在阻攔祖鳳未果之后,鴻鈞卻也未在洪荒久留,而是為未來講道坐準備。
他雖然不甘就這樣放過祖鳳,但又白浩在,就算他真的出手阻攔,也是落不到什么好處。
好在如今祖鳳雖然重得自由,但卻也將主力放在了混沌之中,對于洪荒卻是沒有影響。
至于說未來,卻不是他暫時能夠操心的。
他這次不到洪荒對于眾生來說自然是好事,但卻也是有著他的私心存在。
而三清雖然不如巫妖兩族那般占據大勢,但自身的氣運卻也是遠勝他人,是他這次的主要目的。
但他到底是晚了一步,當他來到昆侖山的時候,卻是只遇到了老子與元始二人。
通天卻是先一步前往青丘山了,正好與鴻鈞錯過了。
本來這也不是什么大事,雖然錯過了一個通天,但有老子與元始在,卻也不怕沒了師徒的名分。
但就在鴻鈞施展了一番手段,讓老子二人心甘情愿拜師之后,他卻是發現,他與通天之間的師徒之緣徹底的斷絕了。
“師尊,怎么了,可是我二人做錯了什么?”
看著面色鐵青的鴻鈞,老子有些忐忑的問道。
元始也是小心的看著鴻鈞,他雖然自恃身份,但面對鴻鈞之時,卻也不自覺的小心了幾分。
他們之前自恃自己的身份,卻是十分的自傲。
但在感受到鴻鈞的修為之后,他們這份自傲也隨之收斂。
尤其在知道鴻鈞與盤古一同出自混沌之后,他們面對鴻鈞除了對強者的敬重之外,也多了幾分小心與忐忑。
“不是因為你們,而是通天。”
鴻鈞雖然惱怒,但卻也沒有遷怒與他人,更何況是自己未來的弟子。
“通天?他怎么了?”老子詫異的問道。
“還望老師息怒,等他回來,我必定好好教訓他。”元始臉色不好的說道。
“倒也不必如此,不過之前我感覺到與通天之間的師徒之緣斷了,繼而才會如此。”鴻鈞解釋道。
“師徒緣斷?怎么會這樣?可是通天出了什么事?”老子擔心的問道。
與元始不同,老子身為三清之首,雖然也不認可通天的一些做法,但還是有些感情的。
“這也正是我疑惑的地方,你們與我之間的緣分乃是天定,能斬斷這份機緣的,也唯有通天自己。”鴻鈞沉聲說道。
“是通天自己做的?他怎么這么不是好歹,就讓放棄了這樣的機會。”元始冷聲道。
元始與通天雖然可以說是血脈至親,但如水火一般互不相容。
“他為什么會這樣做,難道是那白浩說了什么?”老子疑惑道。
“白浩,他去找白浩了。”鴻鈞冷聲問道。
“不錯,之前我們不了解老師,通天卻是去白浩那里打探消息去了。”老子直接說道。
面對鴻鈞,老子卻是沒有隱瞞之前的打算,在鴻鈞這等強者面前,也隱瞞不了。
“老師可是與白浩有什么恩怨?”元始小心的問道。
“恩怨倒也算不上,不過卻也算不得好。”
對于老子與元始,鴻鈞到底沒有將自己與白浩的恩怨說出。
不過子啊知道此時有白浩的手筆之后,他卻也是即憤怒有無奈。
此事若之時通天自己所為,他還有挽回的機會。
但又白浩插手之后,鴻鈞也是有幾分喪氣,通天這個徒弟他卻是很難挽回了。
于此同時,他也是覺得十分的憋屈,白浩幾乎是次次壞他好事,而他有那白浩沒有絲毫的辦法。

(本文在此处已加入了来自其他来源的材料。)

definition strongly_parabolic_hodge ::
  "complex option set \<Rightarrow> (nat \<Rightarrow> complex option \<Rightarrow> real) \<Rightarrow> (nat \<Rightarrow> int)
    \<Rightarrow> (nat \<Rightarrow> nat \<Rightarrow> complex) \<Rightarrow> bool" where
  "strongly_parabolic_hodge S \<alpha> d \<theta> \<longleftrightarrow>
     (\<forall>i\<in>{1,2}. sec_O (higgs_deg S d i) (\<theta> i) \<and>
        (\<forall>p\<in>S. \<alpha> (i+1) p \<le> \<alpha> i p \<longrightarrow> sec_eval (higgs_deg S d i) (\<theta> i) p = 0))"

definition pardeg ::
  "complex option set \<Rightarrow> (nat \<Rightarrow> complex option \<Rightarrow> real) \<Rightarrow> (nat \<Rightarrow> int) \<Rightarrow> nat set \<Rightarrow> real" where
  "pardeg S \<alpha> d A = (\<Sum>i\<in>A. (real_of_int (d i) + (\<Sum>p\<in>S. \<alpha> i p)))"

(* F = sum_{i in A} L_i is theta-invariant; theta(L_3) = 0 *)
definition theta_invariant :: "(nat \<Rightarrow> nat \<Rightarrow> complex) \<Rightarrow> nat set \<Rightarrow> bool" where
  "theta_invariant \<theta> A \<longleftrightarrow> (\<forall>i\<in>A. i \<in> {1,2} \<longrightarrow> \<theta> i = (\<lambda>_. 0) \<or> i + 1 \<in> A)"

definition semistable ::
  "complex option set \<Rightarrow> (nat \<Rightarrow> complex option \<Rightarrow> real) \<Rightarrow> (nat \<Rightarrow> int)
    \<Rightarrow> (nat \<Rightarrow> nat \<Rightarrow> complex) \<Rightarrow> bool" where
  "semistable S \<alpha> d \<theta> \<longleftrightarrow>
     (\<forall>A. A \<subseteq> {1,2,3} \<longrightarrow> A \<noteq> {} \<longrightarrow> theta_invariant \<theta> A \<longrightarrow>
        pardeg S \<alpha> d A / real (card A) \<le> pardeg S \<alpha> d {1,2,3} / 3)"

definition ell :: "complex option set \<Rightarrow> (nat \<Rightarrow> complex option \<Rightarrow> real) \<Rightarrow> nat \<Rightarrow> nat" where
  "ell S \<alpha> i = card {p\<in>S. \<alpha> (i+1) p > \<alpha> i p}"

end

(* A Higgs component theta_i is a section of O(d_(i+1) - d_i - 2 + |S|) whose residue must vanish
   at the |S| - l_i points where the weights do not increase. A nonzero binary form of degree n
   vanishes at no more than n points of P^1, and the product of the linear forms of any n points
   is such a form; so a nonzero theta_i exists iff d_i <= d_(i+1) - 2 + l_i. Once both theta_i
   are nonzero, the only theta-invariant subsystems are L_3, L_2 + L_3 and E, so semistability in
   parabolic degree 0 means pardeg L_3 <= 0 and pardeg (L_2 + L_3) <= 0; with the weights summing
   to 0 these are the two outer inequalities of the chain. *)

theory Submission
  imports Defs "HOL-Computational_Algebra.Polynomial"
begin

lemma card_option_eq:
  assumes "finite Z"
  shows "card Z = card (Some -` Z) + of_bool (None \<in> Z)"
proof -
  have split: "Z = Some ` (Some -` Z) \<union> (Z \<inter> {None})"
    by (auto intro: option.exhaust)
  have "card Z = card (Some ` (Some -` Z)) + card (Z \<inter> {None})"
    by (subst split, rule card_Un_disjoint) (use assms in \<open>auto intro: finite_vimageI\<close>)
  also have "card (Some ` (Some -` Z)) = card (Some -` Z)"
    by (rule card_image) simp
  finally show ?thesis
    by simp
qed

“老師,他白浩是在是太過霸道了,不如趁此機會教訓他一下。”
鴻鈞雖然沒有明說,但老子與元始也都感受到了一絲不平常。
繼而元始更是想要借鴻鈞之后,教訓一下白浩,以泄心中的怨氣。
“此事你們不必操心,那白浩遠沒有你們想象中那么簡單。”鴻鈞皺眉道。
對于元始的挑撥,他不是不清楚,但奈何實力不如人,他卻是無法接話。
至于說對于元始的小心思,鴻鈞卻是沒有理會。
他本身也不是喜歡這幾人,他們雖然是師徒,但更多的卻是利益牽扯罷了。
“老師,難不成那白浩也已經證道了?”老子再次問道,對于剛剛鴻鈞的忌憚,他也是清楚的看在眼里。
“并沒有,不過也差不多少了。”鴻鈞解釋道。
不過鴻鈞沒有說的是,白浩雖然未曾證道,但其實力卻不弱于混元圣人,他還是要給自己留些臉面的。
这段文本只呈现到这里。